This table underscores the scale: a one-time treaty loophole that ballooned into millions by the 1930s, all without the individual scrutiny our 1790 Act demanded. It’s a stark reminder of how conquest’s spoils can become long-term burdens if not guarded vigilantly. This table also does not include the Tejanos that became U.S. citizens in 1845 via Texas statehood.

The 1924 Immigration Act: A Flawed Barrier That Failed to Halt Mexican Inroads

Now, let’s tackle a critical myth: that the Immigration Act of 1924 (Johnson-Reed Act) somehow barred Mexicans from citizenship or immigration. I wish it had been that ironclad, for it would have spared us the Depression-era crisis. But the truth is more infuriating—a half-measure that preserved Ethnic American preferences in “theory” but left gaping holes for Western Hemisphere migrants, allowing Mexicans to continue flooding in and naturalizing despite the act’s intent to preserve Ethnic American dominance.

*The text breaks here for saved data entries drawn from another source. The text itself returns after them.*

lemma distr_tent_unit_lebesgue: "distr unit_lebesgue unit_lebesgue tent = unit_lebesgue"
proof (rule measure_eqI)
  fix A assume "A \<in> sets (distr unit_lebesgue unit_lebesgue tent)"
  then have A: "A \<subseteq> {0..1}" and [measurable]: "A \<in> sets borel"
    by (auto simp: sets_unit_lebesgue)
  have tent_meas: "tent \<in> unit_lebesgue \<rightarrow>\<^sub>M unit_lebesgue"
    using tent_iter_measurable_unit_lebesgue[of 1] by (simp add: tent_iter_def)
  \<comment> \<open>For x \<noteq> 1/2 at most one of 2x and 2 - 2x lies in [0,1]; for x in [0,1] that one is tent x.\<close>
  have split: "indicator (tent -` A \<inter> {0..1}) x = indicator A (0 + 2 * x) + (indicator A (2 + (-2) * x) :: ennreal)"
    if "x \<noteq> 1/2" for x
  proof -
    have "2 * x \<in> A \<Longrightarrow> x \<in> {0..1/2}" "2 - 2 * x \<in> A \<Longrightarrow> x \<in> {1/2..1}"
      using A by auto
    with that show ?thesis
      by (cases "x \<in> {0..1}") (auto simp: indicator_def tent_eq_tent01 tent01_def)
  qed
  have "emeasure (distr unit_lebesgue unit_lebesgue tent) A = emeasure lborel (tent -` A \<inter> {0..1})"
    using tent_meas A by (simp add: emeasure_distr sets_unit_lebesgue emeasure_unit_lebesgue)
  also have "\<dots> = (\<integral>\<^sup>+x. indicator (tent -` A \<inter> {0..1}) x \<partial>lborel)"
    by (rule nn_integral_indicator[symmetric]) measurable
  also have "\<dots> = (\<integral>\<^sup>+x. indicator A (0 + 2 * x) + indicator A (2 + (-2) * x) \<partial>lborel)"
    by (intro nn_integral_cong_AE eventually_mono[OF AE_lborel_singleton[of "1/2"]] split)
  also have "\<dots> = (\<integral>\<^sup>+x. indicator A (0 + 2 * x) \<partial>lborel) + (\<integral>\<^sup>+x. indicator A (2 + (-2) * x) \<partial>lborel)"
    by (rule nn_integral_add) auto
  also have "\<dots> = 2 * (\<integral>\<^sup>+x. indicator A (0 + 2 * x) \<partial>lborel)"
    using nn_integral_real_affine[of "\<lambda>x. indicator A (0 + 2 * x)" "-1" 1]
    by (simp add: mult_2 algebra_simps)
  also have "\<dots> = emeasure lborel A"
    using nn_integral_real_affine[of "indicator A" 2 0] by simp
  finally show "emeasure (distr unit_lebesgue unit_lebesgue tent) A = emeasure unit_lebesgue A"
    using A by (simp add: emeasure_unit_lebesgue)
qed simp

lemma distr_tent_iter_unit_lebesgue: "distr unit_lebesgue unit_lebesgue (tent_iter n) = unit_lebesgue"
proof (induction n)
  case (Suc n)
  have "tent_iter (Suc n) = tent_iter n \<circ> tent"
    by (simp add: tent_iter_Suc fun_eq_iff)
  then have "distr unit_lebesgue unit_lebesgue (tent_iter (Suc n))
      = distr (distr unit_lebesgue unit_lebesgue tent) unit_lebesgue (tent_iter n)"
    using tent_iter_measurable_unit_lebesgue[of 1] tent_iter_measurable_unit_lebesgue[of n]
    by (simp add: distr_distr tent_iter_def)
  then show ?case
    by (simp add: distr_tent_unit_lebesgue Suc)
qed (simp add: tent_iter_def distr_id)

lemma integral_tent_iter:
  fixes f :: "real \<Rightarrow> real"
  assumes "f \<in> borel_measurable unit_lebesgue"
  shows "(\<integral>x. f (tent_iter n x) \<partial>unit_lebesgue) = (\<integral>x. f x \<partial>unit_lebesgue)"
  using integral_distr[OF tent_iter_measurable_unit_lebesgue assms]
  by (simp add: distr_tent_iter_unit_lebesgue)

lemma distr_tent_iter_comp:
  fixes f :: "real \<Rightarrow> real"
  assumes "f \<in> borel_measurable unit_lebesgue"
  shows "distr unit_lebesgue borel (\<lambda>x. f (tent_iter n x)) = distr unit_lebesgue borel f"
  using distr_distr[OF assms tent_iter_measurable_unit_lebesgue]
  by (simp add: distr_tent_iter_unit_lebesgue comp_def)

section \<open>The tent series and its correlations\<close>

definition tent_series :: "real \<Rightarrow> real \<Rightarrow> real" where
  "tent_series r y = (\<Sum>k. r ^ k * tent_iter k y)"

lemma summable_abs_tent_series:
  assumes "\<bar>r\<bar> < 1"
  shows "summable (\<lambda>k. \<bar>r ^ k * tent_iter k y\<bar>)"
proof (rule summable_comparison_test)
  have "\<bar>tent_iter k y\<bar> \<le> \<bar>y\<bar> + 1" for k
    using tent_iter_in_unit[of k y] by (cases k) auto
  then show "\<exists>N. \<forall>k\<ge>N. norm \<bar>r ^ k * tent_iter k y\<bar> \<le> (\<bar>y\<bar> + 1) * \<bar>r\<bar> ^ k"
    by (auto simp: abs_mult power_abs mult.commute intro!: mult_right_mono)
  show "summable (\<lambda>k. (\<bar>y\<bar> + 1) * \<bar>r\<bar> ^ k)"
    using assms by (intro summable_mult) simp
qed

lemma tent_series_rec:
  assumes "\<bar>r\<bar> < 1"
  shows "tent_series r y = y + r * tent_series r (tent y)"
proof -
  have sums: "summable (\<lambda>k. r ^ k * tent_iter k z)" for z
    using summable_abs_tent_series[OF assms] by (rule summable_rabs_cancel)
  have "tent_series r y = (\<Sum>k. r ^ Suc k * tent_iter (Suc k) y) + y"
    unfolding tent_series_def by (subst suminf_split_head[OF sums]) simp
  also have "(\<Sum>k. r ^ Suc k * tent_iter (Suc k) y) = r * tent_series r (tent y)"
    unfolding tent_series_def tent_iter_Suc
    by (subst suminf_mult[OF sums, symmetric]) (simp add: algebra_simps)
  finally show ?thesis
    by simp
qed

lemma abs_tent_series_le:
  assumes "\<bar>r\<bar> < 1" and "y \<in> {0..1}"
  shows "\<bar>tent_series r y\<bar> \<le> 1 / (1 - \<bar>r\<bar>)"
proof -
  have "\<bar>tent_series r y\<bar> \<le> (\<Sum>k. \<bar>r ^ k * tent_iter k y\<bar>)"
    unfolding tent_series_def using summable_abs_tent_series[OF assms(1)] by (rule summable_rabs)
  also have "\<dots> \<le> (\<Sum>k. \<bar>r\<bar> ^ k)"
  proof (rule suminf_le)
    show "\<bar>r ^ k * tent_iter k y\<bar> \<le> \<bar>r\<bar> ^ k" for k
      using tent_iter_in_unit[of k y] assms(2) by (auto simp: abs_mult power_abs intro!: mult_left_le)
  qed (use assms summable_abs_tent_series in auto)
  also have "\<dots> = 1 / (1 - \<bar>r\<bar>)"
    using assms by (simp add: suminf_geometric)
  finally show ?thesis .
qed

lemma borel_measurable_tent_series [measurable]:
  assumes "\<bar>r\<bar> < 1"
  shows "tent_series r \<in> borel_measurable borel"
proof (rule borel_measurable_LIMSEQ_real)
  show "(\<lambda>n. \<Sum>k<n. r ^ k * tent_iter k y) \<longlonglongrightarrow> tent_series r y" for y
    unfolding tent_series_def
    using summable_rabs_cancel[OF summable_abs_tent_series[OF assms]] by (rule summable_LIMSEQ)
qed measurable

text \<open>The tail of f_r from n = N is r^N tent_series r (tent_iter N x), and the normaliser
  (1/2) sum over n >= N of r^n is r^N / (2 (1 - r)).\<close>
definition remq_limit :: "real \<Rightarrow> real \<Rightarrow> real" where
  "remq_limit r y = 2 * (1 - r) * tent_series r y"

lemma borel_measurable_remq_limit [measurable]:
  "\<bar>r\<bar> < 1 \<Longrightarrow> remq_limit r \<in> borel_measurable borel"
  unfolding remq_limit_def by measurable

lemma remq_eq_remq_limit:
  assumes "0 < \<bar>r\<bar>" "\<bar>r\<bar> < 1" "1 \<le> N"
  shows "remq r N x = remq_limit r (tent_iter N x)"
proof -
  define a where "a n = r ^ n * tent_iter n x" for n
  have sa: "summable a"
    unfolding a_def using summable_abs_tent_series[OF assms(2)] by (rule summable_rabs_cancel)
  have "{..<N} = insert 0 {1..<N}"
    using assms(3) by auto
  then have "f_r r x - f_rN r N x = (\<Sum>n. a (n + N))"
    using suminf_split_head[OF sa] suminf_split_initial_segment[OF sa, of N]
    by (simp add: f_r_def f_rN_def a_def)
  also have "\<dots> = (\<Sum>n. r ^ N * (r ^ n * tent_iter n (tent_iter N x)))"
    by (simp add: a_def tent_iter_add power_add algebra_simps)
  also have "\<dots> = r ^ N * tent_series r (tent_iter N x)"
    unfolding tent_series_def
    by (rule suminf_mult[OF summable_rabs_cancel[OF summable_abs_tent_series[OF assms(2)]]])
  finally have num: "f_r r x - f_rN r N x = r ^ N * tent_series r (tent_iter N x)" .
  have den: "(\<Sum>n. r ^ (n + N)) = r ^ N / (1 - r)"
    using assms suminf_mult[OF summable_geometric[of r], of "r ^ N"]
    by (simp add: power_add suminf_geometric mult.commute)
  have "r \<noteq> 0" "1 - r \<noteq> 0"
    using assms by auto
  then show ?thesis
    unfolding remq_def remq_limit_def num den by (simp add: field_simps)
qed

definition centred_series :: "real \<Rightarrow> real \<Rightarrow> real" where
  "centred_series r y = remq_limit r y - 1"

lemma borel_measurable_centred_series [measurable]:
  "\<bar>r\<bar> < 1 \<Longrightarrow> centred_series r \<in> borel_measurable borel"
  unfolding centred_series_def by measurable

lemma centred_series_rec:
  "\<bar>r\<bar> < 1 \<Longrightarrow> centred_series r y = (1 - r) * (2 * y - 1) + r * centred_series r (tent y)"
  unfolding centred_series_def remq_limit_def by (subst tent_series_rec) (auto simp: algebra_simps)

Enacted amid post-World War I fears of radicalism and ethnic dilution, the 1924 Act slashed overall immigration by establishing national quotas based on the 1890 census—favoring Northern Europeans like our founding stock while capping Southern and Eastern Europeans at a trickle. Annual immigration plummeted from over 800,000 in 1921 to under 150,000 by 1929. It was a victory for Ethnic Americans, echoing the 1790 Act’s spirit by prioritizing those who mirrored our cultural and racial heritage. But crucially, it exempted immigrants from the Western Hemisphere—no quotas for Mexicans or Canadians—due to agricultural lobbies needing cheap labor for California farms and Texas ranches.

In my years of research, I never keyed in on this exemption until recently. The information wasn’t readily available—our history is often hidden away in some dark corner, buried under layers of sanitized narratives. I only uncovered it through one small article on the Library of Congress website. I never knew they let in Mexicans as farm workers after 1924.

Think about the outrage of it: A Croatian immigrant would be barred by the strict new quotas for Eastern Europeans, yet Mexicans got a free pass—hush hush and under the radar—while still allowed to self-identify as “White” under the old treaty precedents. What a fucking travesty of our forefathers’ framework! For my entire life, I believed the 1924 Act had reiterated the 1790 Immigration Act and cast “White only” in stone once and for all.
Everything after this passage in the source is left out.